AI Chat Product · Architecture Template

Representative products: Claude, ChatGPT, Gemini, every flavor of "AI assistant" One-line definition: wrap a large language model (LLM) into a product you can talk to — one that streams its output, calls tools, and reaches the internet.

1. One-line definition

An AI chat product = one expensive "reasoning brain" (the LLM) + a shell around it that makes it useful, safe, and profitable.

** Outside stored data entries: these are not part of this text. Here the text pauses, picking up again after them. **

(* Let $\kappa$ be an infinite regular cardinal with $\kappa^{<\kappa}=\kappa$ and $\mathcal F$ a $(<\kappa)$-complete filter on $\kappa$. Then $\mathbb P(\mathcal F)$, with the orders $\langle\le_\zeta:\zeta<\kappa\rangle$, satisfies Mastering $\kappa$: for every dense $\mathcal D\subseteq\mathbb P(\mathcal F)$, every $p\in\mathbb P(\mathcal F)$ and every $\zeta<\kappa$ there are $q$ with $p\le_\zeta q$ and $\mathcal D'\subseteq\mathcal D$ with $|\mathcal D'|\le\kappa$ which is predense above $q$. Equivalently, whenever $p\Vdash$ "$\dot\tau$ is an ordinal" and $\zeta<\kappa$, there are $q\ge_\zeta p$ and a set of ordinals $X\in\mathbf V$ with $|X|\le\kappa$ such that $q\Vdash\dot\tau\in X$.
   Context: For a subtree $p\subseteq{}^{<\kappa}\kappa$ (nonempty, closed under initial segments), a node $t\in p$ is $\mathcal F$-splitting if $\{\alpha<\kappa: t^\frown\alpha\in p\}\in\mathcal F$. For $s\in p$, $\deg_p(s)=\{i<\mathrm{dom}(s):\exists t\in p\,(t\restriction i=s\restriction i\wedge t(i)\ne s(i))\}$. The forcing $\mathbb P(\mathcal F)$ consists of subtrees $p\subseteq{}^{<\kappa}\kappa$ such that: $\sup\{\mathrm{dom}(s):s\in p\}=\kappa$; every $s\in p$ has an $\mathcal F$-splitting extension $t\supseteq s$ in $p$; (o) for every $s\in p$, the set $\{\alpha:s^\frown\alpha\in p\}$ is either a singleton or belongs to $\mathcal F$; (a) if $\delta<\kappa$ is limit, $s\in{}^\delta\kappa$ and $s\restriction\alpha\in p$ for all $\alpha<\delta$, then $s\in p$; (b) for every $s\in p$, $\deg_p(s)$ is closed in $\mathrm{dom}(s)$ (every limit $\gamma<\mathrm{dom}(s)$ with $\deg_p(s)\cap\gamma$ unbounded in $\gamma$ belongs to $\deg_p(s)$). Order: $p\le q$ iff $p\supseteq q$. For $\zeta<\kappa$: $p\le_\zeta q$ iff $p\le q$ and every $s\in p$ with $\mathrm{otp}(\deg_p(s))<\zeta$ belongs to $q$. *)

theory Defs
  imports Main
begin

text \<open>The cardinal kappa is represented by a well-ordered type 'k: the ordinals below kappa
  are the elements of 'k, ordered by the type's order.  kappa itself is the relation kord.\<close>

definition kord :: "('k::wellorder) rel" where
  "kord = {(x, y). x \<le> y}"

text \<open>Elements of ${}^{<\kappa}\kappa$: partial maps whose domain is an initial segment below some delta.\<close>
definition seqs :: "('k::wellorder \<rightharpoonup> 'k) set" where
  "seqs = {s. \<exists>\<delta>. dom s = {..<\<delta>}}"

definition len :: "('k::wellorder \<rightharpoonup> 'k) \<Rightarrow> 'k" where
  "len s = (LEAST \<delta>. \<delta> \<notin> dom s)"

definition restr :: "('k::wellorder \<rightharpoonup> 'k) \<Rightarrow> 'k \<Rightarrow> ('k \<rightharpoonup> 'k)" where
  "restr s i = s |` {..<i}"

definition ext1 :: "('k::wellorder \<rightharpoonup> 'k) \<Rightarrow> 'k \<Rightarrow> ('k \<rightharpoonup> 'k)" where
  "ext1 s \<alpha> = s(len s \<mapsto> \<alpha>)"

definition is_limit :: "'k::wellorder \<Rightarrow> bool" where
  "is_limit \<gamma> \<longleftrightarrow> (\<exists>\<beta>. \<beta> < \<gamma>) \<and> (\<forall>\<beta><\<gamma>. \<exists>\<beta>'. \<beta> < \<beta>' \<and> \<beta>' < \<gamma>)"

definition is_filter :: "'k set set \<Rightarrow> bool" where
  "is_filter F \<longleftrightarrow> UNIV \<in> F \<and> {} \<notin> F \<and>
     (\<forall>A B. A \<in> F \<longrightarrow> A \<subseteq> B \<longrightarrow> B \<in> F) \<and>
     (\<forall>A B. A \<in> F \<longrightarrow> B \<in> F \<longrightarrow> A \<inter> B \<in> F)"

definition lt_kappa_complete :: "('k::wellorder) set set \<Rightarrow> bool" where
  "lt_kappa_complete F \<longleftrightarrow>
     (\<forall>X. X \<subseteq> F \<longrightarrow> X \<noteq> {} \<longrightarrow> (card_of X, kord :: 'k rel) \<in> ordLess \<longrightarrow> \<Inter>X \<in> F)"

definition subtree :: "('k::wellorder \<rightharpoonup> 'k) set \<Rightarrow> bool" where
  "subtree p \<longleftrightarrow> p \<noteq> {} \<and> p \<subseteq> seqs \<and> (\<forall>s\<in>p. \<forall>i. restr s i \<in> p)"

definition succs :: "('k::wellorder \<rightharpoonup> 'k) set \<Rightarrow> ('k \<rightharpoonup> 'k) \<Rightarrow> 'k set" where
  "succs p s = {\<alpha>. ext1 s \<alpha> \<in> p}"

definition F_splitting :: "'k set set \<Rightarrow> ('k::wellorder \<rightharpoonup> 'k) set \<Rightarrow> ('k \<rightharpoonup> 'k) \<Rightarrow> bool" where
  "F_splitting F p t \<longleftrightarrow> t \<in> p \<and> succs p t \<in> F"

definition deg :: "('k::wellorder \<rightharpoonup> 'k) set \<Rightarrow> ('k \<rightharpoonup> 'k) \<Rightarrow> 'k set" where
  "deg p s = {i. i < len s \<and> (\<exists>t\<in>p. restr t i = restr s i \<and> i \<in> dom t \<and> t i \<noteq> s i)}"

definition closed_in :: "'k::wellorder set \<Rightarrow> 'k \<Rightarrow> bool" where
  "closed_in D \<delta> \<longleftrightarrow> (\<forall>\<gamma><\<delta>. is_limit \<gamma> \<and> (\<forall>\<beta><\<gamma>. \<exists>i\<in>D. \<beta> < i \<and> i < \<gamma>) \<longrightarrow> \<gamma> \<in> D)"

definition PF :: "('k::wellorder) set set \<Rightarrow> ('k \<rightharpoonup> 'k) set set" where
  "PF F = {p. subtree p
      \<and> (\<forall>\<alpha>. \<exists>s\<in>p. \<alpha> < len s)
      \<and> (\<forall>s\<in>p. \<exists>t. s \<subseteq>\<^sub>m t \<and> F_splitting F p t)
      \<and> (\<forall>s\<in>p. (\<exists>\<alpha>. succs p s = {\<alpha>}) \<or> succs p s \<in> F)
      \<and> (\<forall>\<delta> s. is_limit \<delta> \<longrightarrow> dom s = {..<\<delta>} \<longrightarrow> (\<forall>\<alpha><\<delta>. restr s \<alpha> \<in> p) \<longrightarrow> s \<in> p)
      \<and> (\<forall>s\<in>p. closed_in (deg p s) (len s))}"

definition otp_less :: "'k::wellorder set \<Rightarrow> 'k \<Rightarrow> bool" where
  "otp_less A \<zeta> \<longleftrightarrow> (Restr (kord :: 'k rel) A, Restr (kord :: 'k rel) {..<\<zeta>}) \<in> ordLess"

text \<open>p <= q iff p \<supseteq> q; q is the stronger condition.\<close>
definition le_P :: "('k::wellorder \<rightharpoonup> 'k) set \<Rightarrow> ('k \<rightharpoonup> 'k) set \<Rightarrow> bool" where
  "le_P p q \<longleftrightarrow> q \<subseteq> p"

definition le_zeta :: "'k::wellorder \<Rightarrow> ('k \<rightharpoonup> 'k) set \<Rightarrow> ('k \<rightharpoonup> 'k) set \<Rightarrow> bool" where
  "le_zeta \<zeta> p q \<longleftrightarrow> le_P p q \<and> (\<forall>s\<in>p. otp_less (deg p s) \<zeta> \<longrightarrow> s \<in> q)"

definition dense_in :: "('k::wellorder \<rightharpoonup> 'k) set set \<Rightarrow> ('k \<rightharpoonup> 'k) set set \<Rightarrow> bool" where
  "dense_in P D \<longleftrightarrow> D \<subseteq> P \<and> (\<forall>p\<in>P. \<exists>d\<in>D. le_P p d)"

definition compatible :: "('k::wellorder \<rightharpoonup> 'k) set set \<Rightarrow> ('k \<rightharpoonup> 'k) set \<Rightarrow> ('k \<rightharpoonup> 'k) set \<Rightarrow> bool" where
  "compatible P a b \<longleftrightarrow> (\<exists>u\<in>P. le_P a u \<and> le_P b u)"

definition predense_above :: "('k::wellorder \<rightharpoonup> 'k) set set \<Rightarrow> ('k \<rightharpoonup> 'k) set set \<Rightarrow> ('k \<rightharpoonup> 'k) set \<Rightarrow> bool" where
  "predense_above P D' q \<longleftrightarrow> (\<forall>r\<in>P. le_P q r \<longrightarrow> (\<exists>d\<in>D'. compatible P r d))"

end

theory Submission
  imports Defs
begin

text \<open>For every node \<open>t\<close> of \<open>p\<close> density yields \<open>d t \<in> D\<close> inside the cone of \<open>p\<close> through \<open>t\<close>;
  there are at most \<open>|p| \<le> |seqs| = \<kappa>\<close> of them.  Call a node small if its degree in \<open>p\<close> has
  order type below \<zeta>, and let the frontier consist of the minimal non-small nodes.  The
  condition \<open>q\<close> keeps the part of \<open>p\<close> up to the frontier and continues above every immediate
  successor \<open>e\<close> of a frontier node with \<open>d e\<close>; it contains all small nodes, so \<open>p \<le>\<^sub>\<zeta> q\<close>.
  Let \<open>r \<le> q\<close>.  If some node \<open>w\<close> of \<open>r\<close> has its whole \<open>p\<close>-cone inside \<open>r\<close>, then \<open>d w \<le> r\<close>.
  Otherwise \<open>r\<close> can leave \<open>p\<close> above each of its nodes, and iterating this along a chain of
  length \<kappa> (regularity of \<kappa> keeps the unions at limit stages inside \<open>r\<close>) produces a node
  of \<open>r\<close> whose \<open>p\<close>-degree has order type at least \<zeta>.  Such a node lies above a successor \<open>e\<close>
  of the frontier, and the cone of \<open>r\<close> above it is a common extension of \<open>r\<close> and \<open>d e\<close>.\<close>

unbundle cardinal_syntax

subsection \<open>Sequences of length below \<kappa>\<close>

definition ord_succ :: "'k::wellorder \<Rightarrow> 'k" where
  "ord_succ i = (LEAST j. i < j)"

lemma ord_succ_gt: "i < j \<Longrightarrow> i < ord_succ i"
  unfolding ord_succ_def by (rule LeastI)

lemma ord_succ_le: "i < j \<Longrightarrow> ord_succ i \<le> j"
  unfolding ord_succ_def by (rule Least_le)

lemma less_ord_succ_iff: "i < j \<Longrightarrow> x < ord_succ i \<longleftrightarrow> x \<le> i"
  by (metis leD le_less_trans linorder_le_less_linear ord_succ_gt ord_succ_le)

lemma len_eqI: "dom s = {..<\<delta>} \<Longrightarrow> len s = \<delta>"
  unfolding len_def by (rule Least_equality) (auto simp: not_less)

lemma seqsI: "dom s = {..<\<delta>} \<Longrightarrow> s \<in> seqs"
  by (auto simp: seqs_def)

lemma dom_seqs: "s \<in> seqs \<Longrightarrow> dom s = {..<len s}"
  unfolding seqs_def using len_eqI by blast

lemma seqs_None: "s \<in> seqs \<Longrightarrow> \<not> i < len s \<Longrightarrow> s i = None"
  using dom_seqs by blast

lemma dom_restr: "s \<in> seqs \<Longrightarrow> dom (restr s i) = {..<min (len s) i}"
  by (auto simp: restr_def dom_seqs)

lemma restr_in_seqs: "s \<in> seqs \<Longrightarrow> restr s i \<in> seqs"
  by (metis dom_restr seqsI)

lemma len_restr: "s \<in> seqs \<Longrightarrow> len (restr s i) = min (len s) i"
  by (metis dom_restr len_eqI)

lemma restr_restr: "restr (restr s i) j = restr s (min i j)"
  by (auto simp: restr_def restrict_map_def fun_eq_iff)

lemma restr_restr_le: "j \<le> i \<Longrightarrow> restr (restr s i) j = restr s j"
  by (simp add: restr_restr min_absorb2)

lemma restr_eq_self: "s \<in> seqs \<Longrightarrow> len s \<le> i \<Longrightarrow> restr s i = s"
  by (auto simp: restr_def restrict_map_def fun_eq_iff seqs_None)

lemma restr_map_le: "restr s i \<subseteq>\<^sub>m s"
  by (auto simp: restr_def map_le_def)

lemma restr_mono: "i \<le> j \<Longrightarrow> restr s i \<subseteq>\<^sub>m restr s j"
  by (auto simp: restr_def map_le_def)

lemma map_le_len: "x \<in> seqs \<Longrightarrow> s \<in> seqs \<Longrightarrow> x \<subseteq>\<^sub>m s \<Longrightarrow> len x \<le> len s"
  by (metis map_le_implies_dom_le lessThan_subset_iff dom_seqs)

lemma restr_len_eq_map_le: "x \<in> seqs \<Longrightarrow> s \<in> seqs \<Longrightarrow> x \<subseteq>\<^sub>m s \<Longrightarrow> restr s (len x) = x"
  by (auto simp: restr_def restrict_map_def fun_eq_iff map_le_def dom_seqs seqs_None)

lemma map_le_restr_iff:
  assumes "x \<in> seqs" and "len x \<le> i"
  shows "x \<subseteq>\<^sub>m restr s i \<longleftrightarrow> x \<subseteq>\<^sub>m s"
proof
  assume "x \<subseteq>\<^sub>m restr s i" thus "x \<subseteq>\<^sub>m s" using restr_map_le map_le_trans by blast
next
  assume "x \<subseteq>\<^sub>m s"
  moreover have "a < i" if "a \<in> dom x" for a using that dom_seqs[OF assms(1)] assms(2) by (auto intro: less_le_trans)
  ultimately show "x \<subseteq>\<^sub>m restr s i" by (auto simp: map_le_def restr_def)
qed

lemma map_le_agree: "a \<subseteq>\<^sub>m b \<or> b \<subseteq>\<^sub>m a \<Longrightarrow> i \<in> dom a \<Longrightarrow> i \<in> dom b \<Longrightarrow> a i = b i"
  unfolding map_le_def by (elim disjE) (simp_all add: Ball_def)

lemma map_le_comparable:
  "x \<in> seqs \<Longrightarrow> y \<in> seqs \<Longrightarrow> s \<in> seqs \<Longrightarrow> x \<subseteq>\<^sub>m s \<Longrightarrow> y \<subseteq>\<^sub>m s \<Longrightarrow> x \<subseteq>\<^sub>m y \<or> y \<subseteq>\<^sub>m x"
  by (metis linear restr_mono restr_len_eq_map_le)

lemma ext1_at_len [simp]: "ext1 s a (len s) = Some a"
  by (simp add: ext1_def)

lemma restr_ext1: "s \<in> seqs \<Longrightarrow> restr (ext1 s a) (len s) = s"
  by (auto simp: ext1_def restr_def restrict_map_def fun_eq_iff seqs_None)

lemma map_le_ext1: "s \<in> seqs \<Longrightarrow> s \<subseteq>\<^sub>m ext1 s a"
  by (auto simp: ext1_def map_le_def dom_seqs)

lemma
  assumes "s \<in> seqs" and "len s < j"
  shows ext1_in_seqs: "ext1 s a \<in> seqs"
    and len_ext1: "len (ext1 s a) = ord_succ (len s)"
proof -
  have "dom (ext1 s a) = {..<ord_succ (len s)}"
    using assms by (auto simp: ext1_def dom_seqs less_ord_succ_iff)
  thus "ext1 s a \<in> seqs" "len (ext1 s a) = ord_succ (len s)"
    by (simp_all add: seqsI len_eqI)
qed

lemma restr_ord_succ:
  assumes "t \<in> seqs" and "i < len t" and "t i = Some b"
  shows "restr t (ord_succ i) = ext1 (restr t i) b"
proof -
  have "len (restr t i) = i" using assms by (simp add: len_restr)
  thus ?thesis
    using assms unfolding ext1_def by (auto simp: restr_def restrict_map_def fun_eq_iff less_ord_succ_iff)
qed

subsection \<open>Degrees\<close>

lemma deg_less_len: "i \<in> deg p x \<Longrightarrow> i < len x"
  by (simp add: deg_def)

lemma deg_map_le:
  assumes "x \<in> seqs" and "y \<in> seqs" and "x \<subseteq>\<^sub>m y"
  shows "deg p x \<subseteq> deg p y"
proof
  fix i assume "i \<in> deg p x"
  then obtain t where i: "i < len x" and t: "t \<in> p" "restr t i = restr x i" "i \<in> dom t" "t i \<noteq> x i"
    unfolding deg_def by blast
  have x: "restr y (len x) = x" using restr_len_eq_map_le[OF assms] .
  hence "restr x i = restr y i" "x i = y i"
    using i by (metis less_imp_le restr_restr_le, metis lessThan_iff restr_def restrict_in)
  moreover have "i < len y" using i map_le_len[OF assms] by simp
  ultimately show "i \<in> deg p y" using t unfolding deg_def by auto
qed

The most counterintuitive thing architecturally: the biggest difference from the "websites" you know isn't logical complexity — it's that the most expensive, scarcest resource shifts from "database / CPU" to "GPU compute." Almost the entire architecture revolves around one question: how do you keep the GPU fed, fully utilized, and cheap?

2. The business essence: what problem it solves

What users want is an assistant that's on call any time, knows everything, and gets work done for them. It replaces the whole "Google it myself + read it myself + write it myself" routine.

Where the money comes from:

Subscriptions (individuals/teams pay monthly, expecting a stable experience and a usage quota);
API calls (developers pay per token to embed your model into their own products);
Enterprise editions (data isolation, compliance, private deployment).

The key fact: every character generated costs real GPU time — real money. On an ordinary website, "one more request costs almost nothing"; here, "generating 1,000 more characters is a tangible cost." This one fact drives nearly every architectural trade-off that follows.

3. Core requirements and constraints

Functional requirements:

[ ] Multi-turn conversation: remember context, keep the dialogue going.
[ ] Streaming output: characters pop out one by one like a typewriter, instead of stalling for a dozen seconds and dumping everything at once.
[ ] System prompt / role setup: set behavioral boundaries for the model.
[ ] Tool calling (function calling): let the model use a calculator, search, code execution, database queries.
[ ] Internet access / RAG: let the model ground its answers in external knowledge or real-time information.
[ ] Multimodality: see images, read files, generate images.
[ ] Conversation history: store and retrieve past dialogues.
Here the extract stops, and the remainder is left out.